Поднявшись, он крепко пожал руку писателю Вахромееву. Встреча была не первой, и знакомство успело стать дружественным.
— Боюсь, нынче я пришел не слишком удачно, — вздохнул Вахромеев. — День-то какой у вас... Не до меня!
— Ничего, — успокоил Мансуров. — До антракта можем побеседовать, а по том посмотрите второе отделение, мой выход... Итак, о чем же будем беседовать? Чай, у вас уже полным-полна коробушка?
Вахромеев появился в цирке месяц назад. Объяснил, что хочет написать о цирковом искусстве, об артистах цирка. Дирекция пошла навстречу, снабдила пропуском, и с этого дня писатель стал частым собеседником артистов. Все интересовало его: творческая сторона работы, закулисный быт, репетиционные трудности...

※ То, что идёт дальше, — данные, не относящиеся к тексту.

(* Let $(S,\lambda_S^\bullet,\mu_S^{(0)})$, $(G,\lambda_G^\bullet,\mu_G^{(0)})$, $(T,\lambda_T^\bullet,\mu_T^{(0)})$ be Haar groupoids and $p:S\to G$, $q:T\to G$ homomorphisms of Haar groupoids, with weak pullback $P$. For $u=(s,g,t)\in P^{(0)}$ put $\lambda_P^{u}=\lambda_S^s\times\delta_g\times\lambda_T^t$. Then $\lambda_P^\bullet=\{\lambda_P^u\}_{u\in P^{(0)}}$ is a continuous left Haar system for $P$.
   Context: For a groupoid $G$: unit space $G^{(0)}$, range/source $r,d$, $G^u=r^{-1}(u)$. A system of measures on a Borel map $\pi:X\to Y$ is a family $\{\lambda^y\}_{y\in Y}$ of positive Borel measures on $X$ with $\lambda^y$ concentrated on $\pi^{-1}(y)$. A continuous left Haar system on a groupoid $G$ is a system of measures $\lambda^\bullet$ on $r:G\to G^{(0)}$ which is continuous ($u\mapsto\int f\,d\lambda^u$ continuous on $G^{(0)}$ for every continuous compactly supported $f\ge0$ on $G$), left invariant ($\lambda^{d(x)}(E)=\lambda^{r(x)}(x\cdot(E\cap G^{d(x)}))$ for all $x\in G$ and Borel $E\subseteq G$), and positive on open sets ($\lambda^u(A)>0$ for every open $A$ with $A\cap G^u\ne\emptyset$). Induced measure of a Radon $\mu^{(0)}$ on $G^{(0)}$: $\mu(E)=\int\lambda^u(E)\,d\mu^{(0)}(u)$; $\mu^{(0)}$ is quasi-invariant if $\mu\sim\mu^{-1}$, $\mu^{-1}(E)=\mu(E^{-1})$. A Haar groupoid $(G,\lambda^\bullet,\mu^{(0)})$ is a second countable, locally compact, Hausdorff topological groupoid with a continuous left Haar system and a non-zero quasi-invariant Radon measure on $G^{(0)}$. A homomorphism of Haar groupoids is a continuous groupoid homomorphism $p$ with $p_*(\mu)\sim\nu$ for the induced measures. The weak pullback is $P=\{(s,g,t)\in S\times G\times T: r_G(g)=r_G(p(s)),\ d_G(g)=r_G(q(t))\}$ with subspace topology; composable pairs $((s,g,t),(\sigma,h,\tau))$ are those with $r_S(\sigma)=d_S(s)$, $r_T(\tau)=d_T(t)$, $h=p(s)^{-1}gq(t)$, product $(s\sigma,g,t\tau)$, inverse $(s^{-1},p(s)^{-1}gq(t),t^{-1})$, $r_P(s,g,t)=(r_S(s),g,r_T(t))$, $d_P(s,g,t)=(d_S(s),p(s)^{-1}gq(t),d_T(t))$, and $P^{(0)}=\{(s,g,t):s\in S^{(0)},t\in T^{(0)},r_G(g)=p(s),d_G(g)=q(t)\}$. The measure $\lambda_S^s\times\delta_g\times\lambda_T^t$ is a measure on $S\times G\times T$ ($\delta_g$ the Dirac mass), regarded as a measure on $P$. *)

theory Defs
  imports "HOL-Analysis.Analysis" "HOL-Probability.Probability"
begin

definition borel_of :: "'a topology \<Rightarrow> 'a measure" where
  "borel_of X = sigma (topspace X) {U. openin X U}"

text \<open>A (topological) groupoid is given by its space of arrows (a topology whose
  topspace is the set of arrows), its unit space, range map, source map (called d),
  partial multiplication and inverse.\<close>

record 'a tgroupoid =
  gtop   :: "'a topology"
  gunits :: "'a set"
  gr     :: "'a \<Rightarrow> 'a"
  gd     :: "'a \<Rightarrow> 'a"
  gmul   :: "'a \<Rightarrow> 'a \<Rightarrow> 'a"
  ginv   :: "'a \<Rightarrow> 'a"

abbreviation garr :: "('a, 'b) tgroupoid_scheme \<Rightarrow> 'a set" where
  "garr G \<equiv> topspace (gtop G)"

definition composable :: "('a, 'b) tgroupoid_scheme \<Rightarrow> ('a \<times> 'a) set" where
  "composable G = {(x, y). x \<in> garr G \<and> y \<in> garr G \<and> gd G x = gr G y}"

definition groupoid :: "('a, 'b) tgroupoid_scheme \<Rightarrow> bool" where
  "groupoid G \<longleftrightarrow>
     gunits G \<subseteq> garr G \<and>
     (\<forall>x\<in>garr G. gr G x \<in> gunits G \<and> gd G x \<in> gunits G) \<and>
     (\<forall>u\<in>gunits G. gr G u = u \<and> gd G u = u) \<and>
     (\<forall>(x, y)\<in>composable G. gmul G x y \<in> garr G \<and>
         gr G (gmul G x y) = gr G x \<and> gd G (gmul G x y) = gd G y) \<and>
     (\<forall>x\<in>garr G. \<forall>y\<in>garr G. \<forall>z\<in>garr G. gd G x = gr G y \<longrightarrow> gd G y = gr G z \<longrightarrow>
         gmul G (gmul G x y) z = gmul G x (gmul G y z)) \<and>
     (\<forall>x\<in>garr G. gmul G (gr G x) x = x \<and> gmul G x (gd G x) = x) \<and>
     (\<forall>x\<in>garr G. ginv G x \<in> garr G \<and> gr G (ginv G x) = gd G x \<and> gd G (ginv G x) = gr G x \<and>
         gmul G x (ginv G x) = gr G x \<and> gmul G (ginv G x) x = gd G x)"

definition topological_groupoid :: "('a, 'b) tgroupoid_scheme \<Rightarrow> bool" where
  "topological_groupoid G \<longleftrightarrow> groupoid G \<and>
     continuous_map (gtop G) (gtop G) (gr G) \<and>
     continuous_map (gtop G) (gtop G) (gd G) \<and>
     continuous_map (gtop G) (gtop G) (ginv G) \<and>
     continuous_map (subtopology (prod_topology (gtop G) (gtop G)) (composable G)) (gtop G)
        (\<lambda>(x, y). gmul G x y)"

— Полна ли коробушка? Да как вам сказать, Георгий Петрович. Время, разумеется, зря не терял. Занимательных историй услыхал немало. Лишний разубедился, как пестра, как причудлива жизнь циркового артиста. И все же истории эти... Каждая из них не выходит за пределы частного случая. Понимаете? Это всего лишь отдельные кирпичики. А ведь мне предстоит построить монолитное здание...
— Разве оно будет строиться вами не из кирпичиков? — прищурился Мансуров.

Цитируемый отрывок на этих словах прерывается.